§ **TASK REQUIREMENTS**
Give back, word for word, the lines in the listing below from the one holding "add: b ln_realpow)" down to the one holding "qed (use assms in auto)", both ends included.

§ **GIVEN RECORDS**
___

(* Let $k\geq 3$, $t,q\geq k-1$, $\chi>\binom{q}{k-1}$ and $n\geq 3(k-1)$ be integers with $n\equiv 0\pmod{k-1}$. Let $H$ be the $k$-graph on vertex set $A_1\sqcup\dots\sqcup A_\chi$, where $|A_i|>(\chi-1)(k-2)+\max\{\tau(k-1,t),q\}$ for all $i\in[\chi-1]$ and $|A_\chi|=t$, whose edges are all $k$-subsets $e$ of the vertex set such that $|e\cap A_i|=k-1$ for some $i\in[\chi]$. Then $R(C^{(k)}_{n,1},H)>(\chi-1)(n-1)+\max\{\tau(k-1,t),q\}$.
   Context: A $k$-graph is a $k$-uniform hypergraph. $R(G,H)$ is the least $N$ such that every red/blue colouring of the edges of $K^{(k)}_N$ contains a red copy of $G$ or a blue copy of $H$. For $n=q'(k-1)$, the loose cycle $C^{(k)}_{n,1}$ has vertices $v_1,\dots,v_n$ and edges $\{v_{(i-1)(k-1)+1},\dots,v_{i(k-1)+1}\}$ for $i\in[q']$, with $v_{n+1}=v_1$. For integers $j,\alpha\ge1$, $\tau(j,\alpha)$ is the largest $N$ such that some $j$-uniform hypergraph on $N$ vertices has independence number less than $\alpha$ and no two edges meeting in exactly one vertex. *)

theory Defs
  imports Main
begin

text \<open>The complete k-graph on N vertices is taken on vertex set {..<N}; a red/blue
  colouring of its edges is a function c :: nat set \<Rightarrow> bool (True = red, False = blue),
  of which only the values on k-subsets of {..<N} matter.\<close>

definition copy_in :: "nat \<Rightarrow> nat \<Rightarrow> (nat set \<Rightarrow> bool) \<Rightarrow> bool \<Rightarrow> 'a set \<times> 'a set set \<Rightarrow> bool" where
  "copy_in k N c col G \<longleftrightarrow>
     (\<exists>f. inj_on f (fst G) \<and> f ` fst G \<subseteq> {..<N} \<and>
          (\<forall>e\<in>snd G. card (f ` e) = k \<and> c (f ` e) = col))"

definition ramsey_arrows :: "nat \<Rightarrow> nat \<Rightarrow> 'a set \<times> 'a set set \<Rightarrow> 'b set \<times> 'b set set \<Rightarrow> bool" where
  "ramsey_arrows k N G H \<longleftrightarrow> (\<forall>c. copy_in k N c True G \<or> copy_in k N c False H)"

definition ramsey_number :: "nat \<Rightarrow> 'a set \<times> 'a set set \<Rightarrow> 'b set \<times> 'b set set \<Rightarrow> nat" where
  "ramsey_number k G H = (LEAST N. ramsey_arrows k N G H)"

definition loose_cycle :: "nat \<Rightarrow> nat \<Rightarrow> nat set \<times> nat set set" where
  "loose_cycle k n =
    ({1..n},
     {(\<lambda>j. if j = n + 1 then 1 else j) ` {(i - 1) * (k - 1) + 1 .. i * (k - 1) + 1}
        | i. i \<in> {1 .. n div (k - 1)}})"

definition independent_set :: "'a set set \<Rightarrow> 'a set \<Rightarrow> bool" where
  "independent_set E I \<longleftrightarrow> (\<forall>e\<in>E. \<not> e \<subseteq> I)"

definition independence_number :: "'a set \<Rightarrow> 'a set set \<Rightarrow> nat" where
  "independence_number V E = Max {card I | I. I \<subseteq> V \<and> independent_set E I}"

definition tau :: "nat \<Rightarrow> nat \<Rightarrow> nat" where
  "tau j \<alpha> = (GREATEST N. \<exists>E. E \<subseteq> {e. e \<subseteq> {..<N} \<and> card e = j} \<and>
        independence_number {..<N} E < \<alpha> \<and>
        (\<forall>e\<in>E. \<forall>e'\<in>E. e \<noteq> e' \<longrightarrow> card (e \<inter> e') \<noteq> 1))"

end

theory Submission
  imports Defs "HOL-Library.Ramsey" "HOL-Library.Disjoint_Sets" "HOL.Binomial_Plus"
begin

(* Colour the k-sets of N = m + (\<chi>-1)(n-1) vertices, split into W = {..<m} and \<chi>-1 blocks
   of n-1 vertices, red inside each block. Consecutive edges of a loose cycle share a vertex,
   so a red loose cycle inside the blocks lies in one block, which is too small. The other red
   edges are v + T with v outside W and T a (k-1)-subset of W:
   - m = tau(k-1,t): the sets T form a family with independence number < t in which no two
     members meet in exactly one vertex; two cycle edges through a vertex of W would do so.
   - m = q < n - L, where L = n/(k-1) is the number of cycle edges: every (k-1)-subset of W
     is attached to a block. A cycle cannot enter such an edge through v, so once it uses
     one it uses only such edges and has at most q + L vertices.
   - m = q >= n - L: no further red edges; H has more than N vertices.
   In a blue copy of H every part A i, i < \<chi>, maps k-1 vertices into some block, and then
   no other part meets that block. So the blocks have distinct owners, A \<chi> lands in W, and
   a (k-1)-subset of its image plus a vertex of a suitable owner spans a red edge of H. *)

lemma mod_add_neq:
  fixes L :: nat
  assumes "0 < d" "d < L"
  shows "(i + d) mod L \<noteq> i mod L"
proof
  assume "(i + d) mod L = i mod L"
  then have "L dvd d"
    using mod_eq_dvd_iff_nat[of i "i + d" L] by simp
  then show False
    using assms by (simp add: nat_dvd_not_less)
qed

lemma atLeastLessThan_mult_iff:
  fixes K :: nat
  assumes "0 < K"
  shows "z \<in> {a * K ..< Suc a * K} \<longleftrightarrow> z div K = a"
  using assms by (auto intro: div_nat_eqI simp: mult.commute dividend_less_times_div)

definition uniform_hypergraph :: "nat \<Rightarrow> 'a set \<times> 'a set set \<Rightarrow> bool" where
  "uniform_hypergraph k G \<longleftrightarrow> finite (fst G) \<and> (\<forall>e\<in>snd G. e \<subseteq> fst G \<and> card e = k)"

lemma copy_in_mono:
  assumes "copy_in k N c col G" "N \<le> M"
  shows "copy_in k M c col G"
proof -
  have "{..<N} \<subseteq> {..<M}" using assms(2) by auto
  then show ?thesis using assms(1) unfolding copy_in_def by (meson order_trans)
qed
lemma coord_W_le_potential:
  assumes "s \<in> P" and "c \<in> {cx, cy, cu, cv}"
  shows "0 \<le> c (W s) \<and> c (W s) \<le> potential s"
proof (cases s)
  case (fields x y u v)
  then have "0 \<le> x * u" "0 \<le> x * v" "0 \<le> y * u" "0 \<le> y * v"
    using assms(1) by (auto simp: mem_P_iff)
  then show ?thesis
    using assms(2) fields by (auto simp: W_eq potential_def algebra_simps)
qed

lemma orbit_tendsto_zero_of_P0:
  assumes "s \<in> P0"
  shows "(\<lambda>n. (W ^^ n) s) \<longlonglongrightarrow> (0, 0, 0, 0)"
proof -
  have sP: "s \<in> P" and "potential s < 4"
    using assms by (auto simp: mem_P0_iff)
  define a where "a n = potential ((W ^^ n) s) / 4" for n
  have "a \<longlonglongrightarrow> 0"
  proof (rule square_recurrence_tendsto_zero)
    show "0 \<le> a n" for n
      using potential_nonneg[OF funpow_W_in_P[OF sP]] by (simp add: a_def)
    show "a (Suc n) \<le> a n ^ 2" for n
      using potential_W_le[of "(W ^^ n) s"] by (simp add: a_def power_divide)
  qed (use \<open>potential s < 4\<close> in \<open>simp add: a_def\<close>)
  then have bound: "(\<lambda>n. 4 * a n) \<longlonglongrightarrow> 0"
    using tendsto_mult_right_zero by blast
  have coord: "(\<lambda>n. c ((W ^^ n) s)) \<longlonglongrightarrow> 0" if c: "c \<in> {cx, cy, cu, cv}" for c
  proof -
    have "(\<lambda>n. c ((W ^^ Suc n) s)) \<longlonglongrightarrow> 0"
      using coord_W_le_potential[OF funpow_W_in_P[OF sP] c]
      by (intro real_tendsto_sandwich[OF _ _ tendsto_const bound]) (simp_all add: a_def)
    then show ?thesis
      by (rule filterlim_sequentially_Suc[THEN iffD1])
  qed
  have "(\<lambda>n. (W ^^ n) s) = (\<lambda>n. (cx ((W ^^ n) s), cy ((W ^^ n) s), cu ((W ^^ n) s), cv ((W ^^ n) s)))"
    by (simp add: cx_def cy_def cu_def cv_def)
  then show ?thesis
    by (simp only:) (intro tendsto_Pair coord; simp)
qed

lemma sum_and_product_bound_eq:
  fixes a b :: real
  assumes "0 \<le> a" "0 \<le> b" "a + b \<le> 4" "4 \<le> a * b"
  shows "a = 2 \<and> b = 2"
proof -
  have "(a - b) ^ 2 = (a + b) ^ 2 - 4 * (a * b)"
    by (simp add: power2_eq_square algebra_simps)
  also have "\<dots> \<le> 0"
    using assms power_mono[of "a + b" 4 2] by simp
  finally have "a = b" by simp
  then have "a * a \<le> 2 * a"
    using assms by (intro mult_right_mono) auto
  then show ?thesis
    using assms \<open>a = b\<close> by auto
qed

___

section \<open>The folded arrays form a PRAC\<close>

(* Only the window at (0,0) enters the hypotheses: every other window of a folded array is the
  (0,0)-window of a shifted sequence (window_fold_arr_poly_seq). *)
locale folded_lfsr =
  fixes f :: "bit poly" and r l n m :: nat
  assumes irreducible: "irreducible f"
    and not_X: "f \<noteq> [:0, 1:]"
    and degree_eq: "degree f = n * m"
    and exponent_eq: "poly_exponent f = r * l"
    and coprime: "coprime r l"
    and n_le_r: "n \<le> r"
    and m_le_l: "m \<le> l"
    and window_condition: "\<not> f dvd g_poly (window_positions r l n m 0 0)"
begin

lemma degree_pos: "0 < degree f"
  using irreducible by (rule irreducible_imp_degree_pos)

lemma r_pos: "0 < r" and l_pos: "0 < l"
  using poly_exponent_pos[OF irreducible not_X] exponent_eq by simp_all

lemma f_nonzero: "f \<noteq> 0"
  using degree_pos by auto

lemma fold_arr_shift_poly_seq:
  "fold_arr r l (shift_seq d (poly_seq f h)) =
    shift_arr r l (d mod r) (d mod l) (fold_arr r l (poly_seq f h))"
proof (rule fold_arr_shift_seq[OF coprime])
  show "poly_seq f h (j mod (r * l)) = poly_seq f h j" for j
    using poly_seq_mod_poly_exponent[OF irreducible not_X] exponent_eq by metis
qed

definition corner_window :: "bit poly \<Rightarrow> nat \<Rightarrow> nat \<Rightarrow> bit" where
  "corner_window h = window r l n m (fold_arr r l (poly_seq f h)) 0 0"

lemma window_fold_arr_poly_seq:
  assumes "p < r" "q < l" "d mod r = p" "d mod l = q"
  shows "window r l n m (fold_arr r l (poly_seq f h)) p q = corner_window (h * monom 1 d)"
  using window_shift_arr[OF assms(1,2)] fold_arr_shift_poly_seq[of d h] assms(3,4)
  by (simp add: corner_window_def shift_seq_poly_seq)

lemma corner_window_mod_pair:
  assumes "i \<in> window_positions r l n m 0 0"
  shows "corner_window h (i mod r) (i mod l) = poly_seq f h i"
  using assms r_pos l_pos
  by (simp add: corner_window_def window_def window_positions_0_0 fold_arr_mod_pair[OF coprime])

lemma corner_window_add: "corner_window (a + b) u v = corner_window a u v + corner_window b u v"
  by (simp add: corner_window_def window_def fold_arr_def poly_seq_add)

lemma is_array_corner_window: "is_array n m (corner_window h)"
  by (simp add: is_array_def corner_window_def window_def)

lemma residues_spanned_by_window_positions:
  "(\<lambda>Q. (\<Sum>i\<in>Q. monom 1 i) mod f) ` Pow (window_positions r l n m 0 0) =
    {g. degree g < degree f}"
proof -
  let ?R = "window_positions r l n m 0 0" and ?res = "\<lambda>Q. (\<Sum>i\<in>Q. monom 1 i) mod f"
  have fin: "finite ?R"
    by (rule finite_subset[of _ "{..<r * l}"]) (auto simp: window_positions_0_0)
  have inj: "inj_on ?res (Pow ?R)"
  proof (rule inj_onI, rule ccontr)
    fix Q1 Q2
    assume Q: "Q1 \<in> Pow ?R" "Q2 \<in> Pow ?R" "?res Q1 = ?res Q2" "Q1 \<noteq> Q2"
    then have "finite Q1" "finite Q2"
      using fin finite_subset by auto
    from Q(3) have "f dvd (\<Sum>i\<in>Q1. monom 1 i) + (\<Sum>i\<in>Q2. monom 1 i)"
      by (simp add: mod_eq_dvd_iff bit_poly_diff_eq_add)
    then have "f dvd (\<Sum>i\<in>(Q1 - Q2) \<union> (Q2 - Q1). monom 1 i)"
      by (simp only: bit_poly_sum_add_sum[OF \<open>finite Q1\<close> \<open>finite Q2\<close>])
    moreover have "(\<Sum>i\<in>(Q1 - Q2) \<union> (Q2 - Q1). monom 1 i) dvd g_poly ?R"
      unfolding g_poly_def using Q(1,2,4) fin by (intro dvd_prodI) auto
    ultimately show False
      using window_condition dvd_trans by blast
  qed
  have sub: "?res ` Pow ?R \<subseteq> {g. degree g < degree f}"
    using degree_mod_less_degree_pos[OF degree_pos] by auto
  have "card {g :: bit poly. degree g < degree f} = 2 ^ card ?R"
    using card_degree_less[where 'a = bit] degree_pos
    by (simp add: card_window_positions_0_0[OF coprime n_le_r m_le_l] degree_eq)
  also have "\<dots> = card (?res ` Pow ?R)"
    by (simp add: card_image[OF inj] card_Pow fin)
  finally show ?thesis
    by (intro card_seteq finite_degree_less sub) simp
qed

___

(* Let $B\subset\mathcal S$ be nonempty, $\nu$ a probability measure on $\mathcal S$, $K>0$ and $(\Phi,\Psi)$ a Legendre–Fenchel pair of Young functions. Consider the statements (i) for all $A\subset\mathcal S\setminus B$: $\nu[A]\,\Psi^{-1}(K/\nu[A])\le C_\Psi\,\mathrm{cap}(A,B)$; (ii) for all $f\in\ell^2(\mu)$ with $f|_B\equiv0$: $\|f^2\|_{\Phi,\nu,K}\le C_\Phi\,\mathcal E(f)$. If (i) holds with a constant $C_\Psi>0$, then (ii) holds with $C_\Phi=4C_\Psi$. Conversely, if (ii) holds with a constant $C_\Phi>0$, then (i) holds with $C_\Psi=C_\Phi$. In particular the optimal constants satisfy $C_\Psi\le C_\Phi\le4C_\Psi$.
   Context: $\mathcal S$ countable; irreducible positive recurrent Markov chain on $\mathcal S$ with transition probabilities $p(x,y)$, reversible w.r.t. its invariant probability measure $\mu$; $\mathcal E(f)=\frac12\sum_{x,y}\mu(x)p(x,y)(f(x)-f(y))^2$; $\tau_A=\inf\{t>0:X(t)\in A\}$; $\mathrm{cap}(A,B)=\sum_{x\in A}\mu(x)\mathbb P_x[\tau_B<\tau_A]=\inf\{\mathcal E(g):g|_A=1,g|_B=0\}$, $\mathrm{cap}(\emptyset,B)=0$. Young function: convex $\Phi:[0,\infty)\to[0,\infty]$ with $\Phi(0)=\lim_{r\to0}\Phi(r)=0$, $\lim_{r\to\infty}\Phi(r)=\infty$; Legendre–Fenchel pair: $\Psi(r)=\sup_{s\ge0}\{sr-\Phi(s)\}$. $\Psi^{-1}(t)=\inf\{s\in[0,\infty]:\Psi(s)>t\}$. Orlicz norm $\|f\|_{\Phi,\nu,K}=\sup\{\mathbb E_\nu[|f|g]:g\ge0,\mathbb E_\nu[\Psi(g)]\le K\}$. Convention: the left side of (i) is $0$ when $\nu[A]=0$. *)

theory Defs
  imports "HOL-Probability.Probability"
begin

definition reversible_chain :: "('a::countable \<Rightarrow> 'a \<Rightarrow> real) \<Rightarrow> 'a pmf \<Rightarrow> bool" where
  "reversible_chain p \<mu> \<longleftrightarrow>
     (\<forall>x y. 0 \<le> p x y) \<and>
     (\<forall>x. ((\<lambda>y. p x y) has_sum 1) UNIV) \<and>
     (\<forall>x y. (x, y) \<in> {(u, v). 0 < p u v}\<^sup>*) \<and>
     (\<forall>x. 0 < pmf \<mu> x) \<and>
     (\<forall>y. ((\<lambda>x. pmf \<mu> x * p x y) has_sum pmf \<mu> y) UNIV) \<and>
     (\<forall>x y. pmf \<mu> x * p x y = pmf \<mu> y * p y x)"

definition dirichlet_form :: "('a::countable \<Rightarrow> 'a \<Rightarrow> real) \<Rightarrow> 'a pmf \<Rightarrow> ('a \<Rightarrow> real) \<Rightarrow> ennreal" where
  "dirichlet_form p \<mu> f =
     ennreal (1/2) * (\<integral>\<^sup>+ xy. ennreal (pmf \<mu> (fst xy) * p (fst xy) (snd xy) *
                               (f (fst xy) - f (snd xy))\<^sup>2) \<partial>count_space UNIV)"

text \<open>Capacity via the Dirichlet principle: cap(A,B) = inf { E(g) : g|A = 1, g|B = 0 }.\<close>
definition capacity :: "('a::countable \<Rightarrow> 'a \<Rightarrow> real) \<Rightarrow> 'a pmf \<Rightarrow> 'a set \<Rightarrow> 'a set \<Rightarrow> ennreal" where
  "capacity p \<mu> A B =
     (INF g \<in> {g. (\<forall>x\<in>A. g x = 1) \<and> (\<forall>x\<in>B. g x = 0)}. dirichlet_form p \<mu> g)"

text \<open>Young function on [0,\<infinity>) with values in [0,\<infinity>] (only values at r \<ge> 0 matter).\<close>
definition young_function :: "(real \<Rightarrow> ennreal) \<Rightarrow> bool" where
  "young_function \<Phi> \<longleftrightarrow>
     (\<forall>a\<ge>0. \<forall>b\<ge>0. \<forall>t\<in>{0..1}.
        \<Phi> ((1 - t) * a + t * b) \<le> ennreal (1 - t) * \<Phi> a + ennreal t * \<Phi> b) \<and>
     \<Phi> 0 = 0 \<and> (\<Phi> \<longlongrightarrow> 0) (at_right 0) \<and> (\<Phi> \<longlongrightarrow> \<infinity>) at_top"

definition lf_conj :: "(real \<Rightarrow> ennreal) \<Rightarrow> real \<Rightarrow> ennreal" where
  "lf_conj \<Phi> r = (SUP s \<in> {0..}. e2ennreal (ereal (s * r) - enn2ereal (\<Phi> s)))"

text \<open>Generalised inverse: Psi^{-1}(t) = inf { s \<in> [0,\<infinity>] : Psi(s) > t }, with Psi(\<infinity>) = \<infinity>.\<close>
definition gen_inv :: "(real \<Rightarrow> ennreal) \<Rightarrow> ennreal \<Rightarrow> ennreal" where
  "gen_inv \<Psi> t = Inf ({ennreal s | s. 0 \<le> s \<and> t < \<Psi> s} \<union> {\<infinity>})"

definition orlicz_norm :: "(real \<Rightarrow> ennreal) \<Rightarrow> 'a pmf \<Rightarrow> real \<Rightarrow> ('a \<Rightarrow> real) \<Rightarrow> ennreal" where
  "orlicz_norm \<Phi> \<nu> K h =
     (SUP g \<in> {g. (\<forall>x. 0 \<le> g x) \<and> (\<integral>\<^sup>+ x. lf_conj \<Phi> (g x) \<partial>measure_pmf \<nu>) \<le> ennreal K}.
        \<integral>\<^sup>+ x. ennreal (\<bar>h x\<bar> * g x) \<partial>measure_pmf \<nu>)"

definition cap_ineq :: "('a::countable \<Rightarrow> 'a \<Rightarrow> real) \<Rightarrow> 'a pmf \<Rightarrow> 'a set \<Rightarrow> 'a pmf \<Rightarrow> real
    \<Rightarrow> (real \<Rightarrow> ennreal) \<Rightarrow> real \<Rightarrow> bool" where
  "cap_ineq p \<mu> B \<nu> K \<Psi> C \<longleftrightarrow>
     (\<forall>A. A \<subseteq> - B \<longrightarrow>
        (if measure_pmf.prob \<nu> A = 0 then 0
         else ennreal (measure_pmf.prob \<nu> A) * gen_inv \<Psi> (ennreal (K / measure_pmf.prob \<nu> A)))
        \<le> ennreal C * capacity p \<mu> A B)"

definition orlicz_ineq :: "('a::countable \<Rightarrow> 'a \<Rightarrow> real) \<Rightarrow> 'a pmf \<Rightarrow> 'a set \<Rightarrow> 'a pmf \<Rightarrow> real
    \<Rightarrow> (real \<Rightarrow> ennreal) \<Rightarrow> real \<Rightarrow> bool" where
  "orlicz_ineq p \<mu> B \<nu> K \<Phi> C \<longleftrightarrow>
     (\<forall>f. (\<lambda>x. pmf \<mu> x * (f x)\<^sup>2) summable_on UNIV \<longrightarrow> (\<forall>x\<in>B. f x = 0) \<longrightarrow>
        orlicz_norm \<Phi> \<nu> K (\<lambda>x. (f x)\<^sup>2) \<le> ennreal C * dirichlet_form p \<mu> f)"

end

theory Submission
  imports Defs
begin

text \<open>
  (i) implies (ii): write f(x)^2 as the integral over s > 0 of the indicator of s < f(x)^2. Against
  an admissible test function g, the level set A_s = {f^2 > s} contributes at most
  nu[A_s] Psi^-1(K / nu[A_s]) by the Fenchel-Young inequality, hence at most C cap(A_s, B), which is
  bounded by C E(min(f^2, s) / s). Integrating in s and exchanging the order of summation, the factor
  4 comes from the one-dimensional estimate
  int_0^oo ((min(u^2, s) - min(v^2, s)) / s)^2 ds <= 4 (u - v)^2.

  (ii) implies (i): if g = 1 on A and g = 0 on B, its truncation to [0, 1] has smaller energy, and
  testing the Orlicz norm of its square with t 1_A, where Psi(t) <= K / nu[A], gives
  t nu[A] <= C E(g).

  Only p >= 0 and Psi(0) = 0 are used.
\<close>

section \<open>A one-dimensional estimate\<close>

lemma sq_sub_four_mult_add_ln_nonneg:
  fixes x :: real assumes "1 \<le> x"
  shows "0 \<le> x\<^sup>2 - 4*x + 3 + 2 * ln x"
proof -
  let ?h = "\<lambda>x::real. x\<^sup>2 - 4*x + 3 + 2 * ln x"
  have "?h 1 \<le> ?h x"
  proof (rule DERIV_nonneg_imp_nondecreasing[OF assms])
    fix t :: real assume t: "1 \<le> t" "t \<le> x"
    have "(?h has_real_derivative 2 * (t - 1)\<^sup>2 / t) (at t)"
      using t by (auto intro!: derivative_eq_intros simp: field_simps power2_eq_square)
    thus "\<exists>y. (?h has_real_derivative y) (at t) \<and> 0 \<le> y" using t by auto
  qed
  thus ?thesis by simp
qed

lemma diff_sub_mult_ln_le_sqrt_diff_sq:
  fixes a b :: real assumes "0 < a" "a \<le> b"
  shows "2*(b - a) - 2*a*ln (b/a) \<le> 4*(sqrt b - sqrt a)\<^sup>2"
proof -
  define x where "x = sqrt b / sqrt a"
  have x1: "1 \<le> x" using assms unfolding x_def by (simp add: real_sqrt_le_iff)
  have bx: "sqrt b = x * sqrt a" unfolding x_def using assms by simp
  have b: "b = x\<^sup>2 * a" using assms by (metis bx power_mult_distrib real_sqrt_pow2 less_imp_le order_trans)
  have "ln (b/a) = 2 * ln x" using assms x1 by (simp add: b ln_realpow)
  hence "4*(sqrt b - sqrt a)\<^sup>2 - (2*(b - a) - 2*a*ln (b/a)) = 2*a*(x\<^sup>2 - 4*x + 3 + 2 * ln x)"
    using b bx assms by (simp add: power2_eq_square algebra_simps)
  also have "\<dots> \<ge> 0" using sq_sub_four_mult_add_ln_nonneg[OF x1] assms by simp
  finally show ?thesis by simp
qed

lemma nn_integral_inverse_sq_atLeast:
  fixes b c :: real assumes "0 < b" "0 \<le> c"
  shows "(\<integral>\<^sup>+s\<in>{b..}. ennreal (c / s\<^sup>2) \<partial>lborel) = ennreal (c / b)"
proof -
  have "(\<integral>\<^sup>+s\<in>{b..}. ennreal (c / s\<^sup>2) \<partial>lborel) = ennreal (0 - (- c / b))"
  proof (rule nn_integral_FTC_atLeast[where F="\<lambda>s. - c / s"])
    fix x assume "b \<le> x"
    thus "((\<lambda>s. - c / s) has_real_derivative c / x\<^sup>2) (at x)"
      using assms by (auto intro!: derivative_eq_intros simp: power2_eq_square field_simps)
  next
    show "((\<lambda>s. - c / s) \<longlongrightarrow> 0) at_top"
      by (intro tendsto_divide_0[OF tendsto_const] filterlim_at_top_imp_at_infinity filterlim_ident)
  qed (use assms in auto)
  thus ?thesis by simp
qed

___

§ **ANSWER BOX**
  have "ln (b/a) = 2 * ln x" using assms x1 by (simp add: b ln_realpow)
  hence "4*(sqrt b - sqrt a)\<^sup>2 - (2*(b - a) - 2*a*ln (b/a)) = 2*a*(x\<^sup>2 - 4*x + 3 + 2 * ln x)"
    using b bx assms by (simp add: power2_eq_square algebra_simps)
  also have "\<dots> \<ge> 0" using sq_sub_four_mult_add_ln_nonneg[OF x1] assms by simp
  finally show ?thesis by simp
qed

lemma nn_integral_inverse_sq_atLeast:
  fixes b c :: real assumes "0 < b" "0 \<le> c"
  shows "(\<integral>\<^sup>+s\<in>{b..}. ennreal (c / s\<^sup>2) \<partial>lborel) = ennreal (c / b)"
proof -
  have "(\<integral>\<^sup>+s\<in>{b..}. ennreal (c / s\<^sup>2) \<partial>lborel) = ennreal (0 - (- c / b))"
  proof (rule nn_integral_FTC_atLeast[where F="\<lambda>s. - c / s"])
    fix x assume "b \<le> x"
    thus "((\<lambda>s. - c / s) has_real_derivative c / x\<^sup>2) (at x)"
      using assms by (auto intro!: derivative_eq_intros simp: power2_eq_square field_simps)
  next
    show "((\<lambda>s. - c / s) \<longlongrightarrow> 0) at_top"
      by (intro tendsto_divide_0[OF tendsto_const] filterlim_at_top_imp_at_infinity filterlim_ident)
  qed (use assms in auto)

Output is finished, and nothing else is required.